**EXERCISE AIM**
Throughout the entries below, report every line where "from" is found.

[Dataset excerpts]
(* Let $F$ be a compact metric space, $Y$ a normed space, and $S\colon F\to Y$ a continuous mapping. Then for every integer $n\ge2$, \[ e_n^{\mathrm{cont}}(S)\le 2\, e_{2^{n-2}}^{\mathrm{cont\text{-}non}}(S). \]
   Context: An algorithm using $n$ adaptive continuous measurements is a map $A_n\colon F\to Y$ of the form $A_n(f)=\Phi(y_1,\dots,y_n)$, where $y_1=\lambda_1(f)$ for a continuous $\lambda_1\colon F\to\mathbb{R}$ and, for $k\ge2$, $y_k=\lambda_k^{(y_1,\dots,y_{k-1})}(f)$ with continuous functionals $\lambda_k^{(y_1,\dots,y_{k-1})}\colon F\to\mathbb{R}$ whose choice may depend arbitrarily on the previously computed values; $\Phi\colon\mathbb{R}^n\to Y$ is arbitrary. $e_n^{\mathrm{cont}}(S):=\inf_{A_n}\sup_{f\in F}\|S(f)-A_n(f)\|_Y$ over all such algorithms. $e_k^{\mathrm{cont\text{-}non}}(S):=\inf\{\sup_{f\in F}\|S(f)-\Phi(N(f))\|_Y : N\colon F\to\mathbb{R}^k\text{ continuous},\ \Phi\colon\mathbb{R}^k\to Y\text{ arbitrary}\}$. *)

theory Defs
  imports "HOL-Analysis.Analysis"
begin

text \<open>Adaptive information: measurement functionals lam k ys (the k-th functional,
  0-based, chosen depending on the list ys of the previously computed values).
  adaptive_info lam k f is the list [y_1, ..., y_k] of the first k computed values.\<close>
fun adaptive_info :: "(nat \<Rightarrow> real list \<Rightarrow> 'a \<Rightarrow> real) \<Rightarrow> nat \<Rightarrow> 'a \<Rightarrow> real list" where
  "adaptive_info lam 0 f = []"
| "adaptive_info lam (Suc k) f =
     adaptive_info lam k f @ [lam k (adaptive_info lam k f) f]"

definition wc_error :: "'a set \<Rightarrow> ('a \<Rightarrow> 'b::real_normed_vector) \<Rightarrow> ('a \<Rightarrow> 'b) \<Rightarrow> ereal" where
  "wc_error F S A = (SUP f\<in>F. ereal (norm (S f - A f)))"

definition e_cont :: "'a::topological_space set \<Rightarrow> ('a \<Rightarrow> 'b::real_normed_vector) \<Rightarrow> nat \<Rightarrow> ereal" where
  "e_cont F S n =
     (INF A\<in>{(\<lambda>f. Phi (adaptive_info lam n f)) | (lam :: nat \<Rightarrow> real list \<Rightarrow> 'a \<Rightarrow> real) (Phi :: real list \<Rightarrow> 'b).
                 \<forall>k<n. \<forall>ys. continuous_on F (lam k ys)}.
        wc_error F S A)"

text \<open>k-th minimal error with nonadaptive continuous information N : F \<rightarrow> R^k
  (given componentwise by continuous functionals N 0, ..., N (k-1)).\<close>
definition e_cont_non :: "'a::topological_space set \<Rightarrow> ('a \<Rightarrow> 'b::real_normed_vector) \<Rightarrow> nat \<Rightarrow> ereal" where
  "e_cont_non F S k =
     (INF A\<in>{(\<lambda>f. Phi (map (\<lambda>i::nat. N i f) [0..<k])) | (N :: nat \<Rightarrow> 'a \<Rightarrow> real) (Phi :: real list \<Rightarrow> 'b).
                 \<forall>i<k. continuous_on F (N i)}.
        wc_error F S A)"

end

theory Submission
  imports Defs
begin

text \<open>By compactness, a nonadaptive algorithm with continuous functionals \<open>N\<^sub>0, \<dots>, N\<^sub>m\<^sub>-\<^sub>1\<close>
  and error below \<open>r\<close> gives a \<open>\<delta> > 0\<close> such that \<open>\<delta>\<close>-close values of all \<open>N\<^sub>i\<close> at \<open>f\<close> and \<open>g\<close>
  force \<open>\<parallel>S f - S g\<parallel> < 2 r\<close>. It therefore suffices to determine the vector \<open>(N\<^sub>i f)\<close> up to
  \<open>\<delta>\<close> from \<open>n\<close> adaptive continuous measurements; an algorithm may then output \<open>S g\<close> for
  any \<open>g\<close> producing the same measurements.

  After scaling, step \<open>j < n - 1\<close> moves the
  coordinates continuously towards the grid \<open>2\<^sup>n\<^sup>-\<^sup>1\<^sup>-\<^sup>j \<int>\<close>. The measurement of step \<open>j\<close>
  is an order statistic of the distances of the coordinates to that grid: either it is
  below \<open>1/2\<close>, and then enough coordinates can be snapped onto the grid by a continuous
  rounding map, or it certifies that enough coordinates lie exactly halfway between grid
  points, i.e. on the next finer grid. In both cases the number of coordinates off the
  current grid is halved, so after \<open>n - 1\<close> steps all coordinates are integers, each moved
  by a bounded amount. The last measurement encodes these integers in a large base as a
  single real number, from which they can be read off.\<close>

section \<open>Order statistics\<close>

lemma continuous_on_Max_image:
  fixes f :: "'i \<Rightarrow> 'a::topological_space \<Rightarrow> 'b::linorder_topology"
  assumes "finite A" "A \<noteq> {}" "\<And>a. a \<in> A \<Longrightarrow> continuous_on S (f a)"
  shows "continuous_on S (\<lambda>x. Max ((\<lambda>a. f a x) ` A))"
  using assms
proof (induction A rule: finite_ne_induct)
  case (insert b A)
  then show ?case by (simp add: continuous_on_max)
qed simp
* * *
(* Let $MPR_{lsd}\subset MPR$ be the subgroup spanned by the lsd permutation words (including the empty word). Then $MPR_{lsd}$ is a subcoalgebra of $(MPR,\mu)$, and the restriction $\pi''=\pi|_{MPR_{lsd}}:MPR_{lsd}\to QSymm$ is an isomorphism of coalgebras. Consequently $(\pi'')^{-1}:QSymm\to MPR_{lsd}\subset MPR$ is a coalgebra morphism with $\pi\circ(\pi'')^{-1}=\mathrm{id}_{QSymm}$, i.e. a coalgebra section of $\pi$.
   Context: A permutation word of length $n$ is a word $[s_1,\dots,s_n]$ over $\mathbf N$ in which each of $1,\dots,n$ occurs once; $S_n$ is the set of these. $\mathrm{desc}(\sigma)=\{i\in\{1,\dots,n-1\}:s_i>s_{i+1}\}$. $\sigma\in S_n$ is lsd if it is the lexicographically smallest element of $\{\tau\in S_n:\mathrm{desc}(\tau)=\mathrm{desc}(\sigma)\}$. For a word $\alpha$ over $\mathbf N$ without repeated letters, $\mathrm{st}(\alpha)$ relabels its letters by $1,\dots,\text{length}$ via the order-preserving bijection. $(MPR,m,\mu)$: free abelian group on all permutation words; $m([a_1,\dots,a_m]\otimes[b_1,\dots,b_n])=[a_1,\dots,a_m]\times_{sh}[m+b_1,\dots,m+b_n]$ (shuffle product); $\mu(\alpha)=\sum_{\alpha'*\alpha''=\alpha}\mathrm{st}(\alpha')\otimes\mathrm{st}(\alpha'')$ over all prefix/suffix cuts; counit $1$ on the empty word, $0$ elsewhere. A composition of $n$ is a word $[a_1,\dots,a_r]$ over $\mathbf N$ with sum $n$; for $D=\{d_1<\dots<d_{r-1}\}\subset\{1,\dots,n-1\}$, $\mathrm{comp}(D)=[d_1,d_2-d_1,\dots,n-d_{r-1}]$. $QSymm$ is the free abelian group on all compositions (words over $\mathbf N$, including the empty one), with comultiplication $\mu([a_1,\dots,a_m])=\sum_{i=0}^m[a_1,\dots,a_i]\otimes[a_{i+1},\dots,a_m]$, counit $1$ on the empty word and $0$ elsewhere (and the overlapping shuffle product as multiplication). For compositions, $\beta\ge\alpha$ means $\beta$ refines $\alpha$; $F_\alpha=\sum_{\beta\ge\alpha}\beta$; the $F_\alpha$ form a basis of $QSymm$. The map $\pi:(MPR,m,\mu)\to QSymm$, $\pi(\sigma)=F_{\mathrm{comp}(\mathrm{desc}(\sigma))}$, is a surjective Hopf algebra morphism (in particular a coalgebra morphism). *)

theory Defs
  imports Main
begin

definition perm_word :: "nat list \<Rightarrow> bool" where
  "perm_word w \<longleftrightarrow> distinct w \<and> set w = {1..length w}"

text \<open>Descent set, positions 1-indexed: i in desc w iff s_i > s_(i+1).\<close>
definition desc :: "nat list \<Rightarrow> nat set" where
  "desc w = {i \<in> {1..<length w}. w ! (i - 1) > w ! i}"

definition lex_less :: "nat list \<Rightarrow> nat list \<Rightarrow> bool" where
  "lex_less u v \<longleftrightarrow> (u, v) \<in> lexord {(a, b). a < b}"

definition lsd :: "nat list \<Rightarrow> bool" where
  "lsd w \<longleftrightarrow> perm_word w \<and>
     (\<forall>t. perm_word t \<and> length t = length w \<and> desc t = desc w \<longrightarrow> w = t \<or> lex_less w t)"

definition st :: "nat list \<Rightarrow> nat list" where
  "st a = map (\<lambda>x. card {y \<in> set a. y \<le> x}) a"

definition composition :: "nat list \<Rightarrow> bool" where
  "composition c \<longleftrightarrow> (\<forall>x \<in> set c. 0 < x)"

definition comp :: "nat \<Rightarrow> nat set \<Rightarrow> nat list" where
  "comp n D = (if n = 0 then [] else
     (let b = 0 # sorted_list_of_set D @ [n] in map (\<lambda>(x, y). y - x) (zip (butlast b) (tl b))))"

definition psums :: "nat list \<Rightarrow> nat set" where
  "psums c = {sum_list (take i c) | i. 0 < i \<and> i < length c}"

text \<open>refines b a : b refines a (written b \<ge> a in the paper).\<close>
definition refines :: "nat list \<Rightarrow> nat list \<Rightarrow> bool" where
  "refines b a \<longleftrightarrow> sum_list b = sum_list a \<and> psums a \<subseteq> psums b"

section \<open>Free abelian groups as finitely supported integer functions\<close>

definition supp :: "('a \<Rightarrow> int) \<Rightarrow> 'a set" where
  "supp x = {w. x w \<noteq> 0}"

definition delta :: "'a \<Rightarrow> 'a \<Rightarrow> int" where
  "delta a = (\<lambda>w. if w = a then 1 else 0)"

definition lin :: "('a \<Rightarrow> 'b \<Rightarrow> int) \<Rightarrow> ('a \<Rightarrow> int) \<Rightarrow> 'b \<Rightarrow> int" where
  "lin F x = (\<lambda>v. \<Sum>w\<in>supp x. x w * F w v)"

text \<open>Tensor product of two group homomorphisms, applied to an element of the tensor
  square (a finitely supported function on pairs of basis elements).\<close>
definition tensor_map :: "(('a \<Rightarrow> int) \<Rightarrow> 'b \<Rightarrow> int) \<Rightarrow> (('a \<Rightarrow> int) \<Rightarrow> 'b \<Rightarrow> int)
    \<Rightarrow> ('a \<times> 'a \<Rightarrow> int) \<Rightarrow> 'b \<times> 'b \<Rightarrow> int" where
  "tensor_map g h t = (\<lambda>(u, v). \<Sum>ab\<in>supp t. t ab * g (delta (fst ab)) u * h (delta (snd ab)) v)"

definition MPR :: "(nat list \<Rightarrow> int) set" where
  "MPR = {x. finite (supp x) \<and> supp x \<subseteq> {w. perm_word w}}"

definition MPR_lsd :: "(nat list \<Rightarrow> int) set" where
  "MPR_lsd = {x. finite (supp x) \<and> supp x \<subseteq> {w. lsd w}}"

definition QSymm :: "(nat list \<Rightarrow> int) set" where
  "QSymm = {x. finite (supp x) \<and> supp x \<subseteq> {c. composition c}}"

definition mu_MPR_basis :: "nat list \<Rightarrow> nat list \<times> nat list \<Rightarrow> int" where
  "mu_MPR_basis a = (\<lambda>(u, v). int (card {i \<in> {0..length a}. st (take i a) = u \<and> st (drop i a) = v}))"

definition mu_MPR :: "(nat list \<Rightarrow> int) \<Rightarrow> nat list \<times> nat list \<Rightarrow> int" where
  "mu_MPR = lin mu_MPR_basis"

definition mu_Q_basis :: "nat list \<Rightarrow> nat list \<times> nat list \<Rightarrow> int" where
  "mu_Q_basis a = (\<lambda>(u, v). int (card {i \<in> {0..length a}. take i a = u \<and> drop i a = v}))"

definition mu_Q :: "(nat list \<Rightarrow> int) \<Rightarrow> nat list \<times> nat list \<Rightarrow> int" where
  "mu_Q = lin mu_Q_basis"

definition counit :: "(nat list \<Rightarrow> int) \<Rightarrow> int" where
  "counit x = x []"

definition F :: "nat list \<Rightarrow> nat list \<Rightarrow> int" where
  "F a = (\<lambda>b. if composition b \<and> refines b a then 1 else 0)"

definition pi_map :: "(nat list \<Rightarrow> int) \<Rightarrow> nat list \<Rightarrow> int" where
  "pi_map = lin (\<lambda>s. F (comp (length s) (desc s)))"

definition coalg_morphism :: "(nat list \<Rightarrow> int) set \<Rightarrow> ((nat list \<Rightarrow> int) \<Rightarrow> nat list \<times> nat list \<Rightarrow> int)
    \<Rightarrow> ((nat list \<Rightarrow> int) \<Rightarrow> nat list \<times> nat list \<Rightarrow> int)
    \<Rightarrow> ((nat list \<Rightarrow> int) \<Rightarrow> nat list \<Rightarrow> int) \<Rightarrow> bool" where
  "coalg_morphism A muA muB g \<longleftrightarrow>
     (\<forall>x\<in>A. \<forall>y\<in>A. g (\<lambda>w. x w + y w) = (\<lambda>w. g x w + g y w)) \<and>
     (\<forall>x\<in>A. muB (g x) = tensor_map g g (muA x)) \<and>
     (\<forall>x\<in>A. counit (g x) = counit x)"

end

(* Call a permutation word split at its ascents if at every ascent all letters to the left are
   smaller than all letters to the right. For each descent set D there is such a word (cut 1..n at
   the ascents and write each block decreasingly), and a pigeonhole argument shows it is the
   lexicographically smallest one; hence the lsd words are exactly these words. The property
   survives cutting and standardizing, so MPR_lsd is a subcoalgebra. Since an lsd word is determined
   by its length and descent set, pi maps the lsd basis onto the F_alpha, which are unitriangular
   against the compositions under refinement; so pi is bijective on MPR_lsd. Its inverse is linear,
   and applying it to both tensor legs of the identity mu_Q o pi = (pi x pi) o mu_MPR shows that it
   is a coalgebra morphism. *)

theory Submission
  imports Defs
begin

**SOLVED EXERCISE**
  \<open>\<delta>\<close> from \<open>n\<close> adaptive continuous measurements; an algorithm may then output \<open>S g\<close> for
  single real number, from which they can be read off.\<close>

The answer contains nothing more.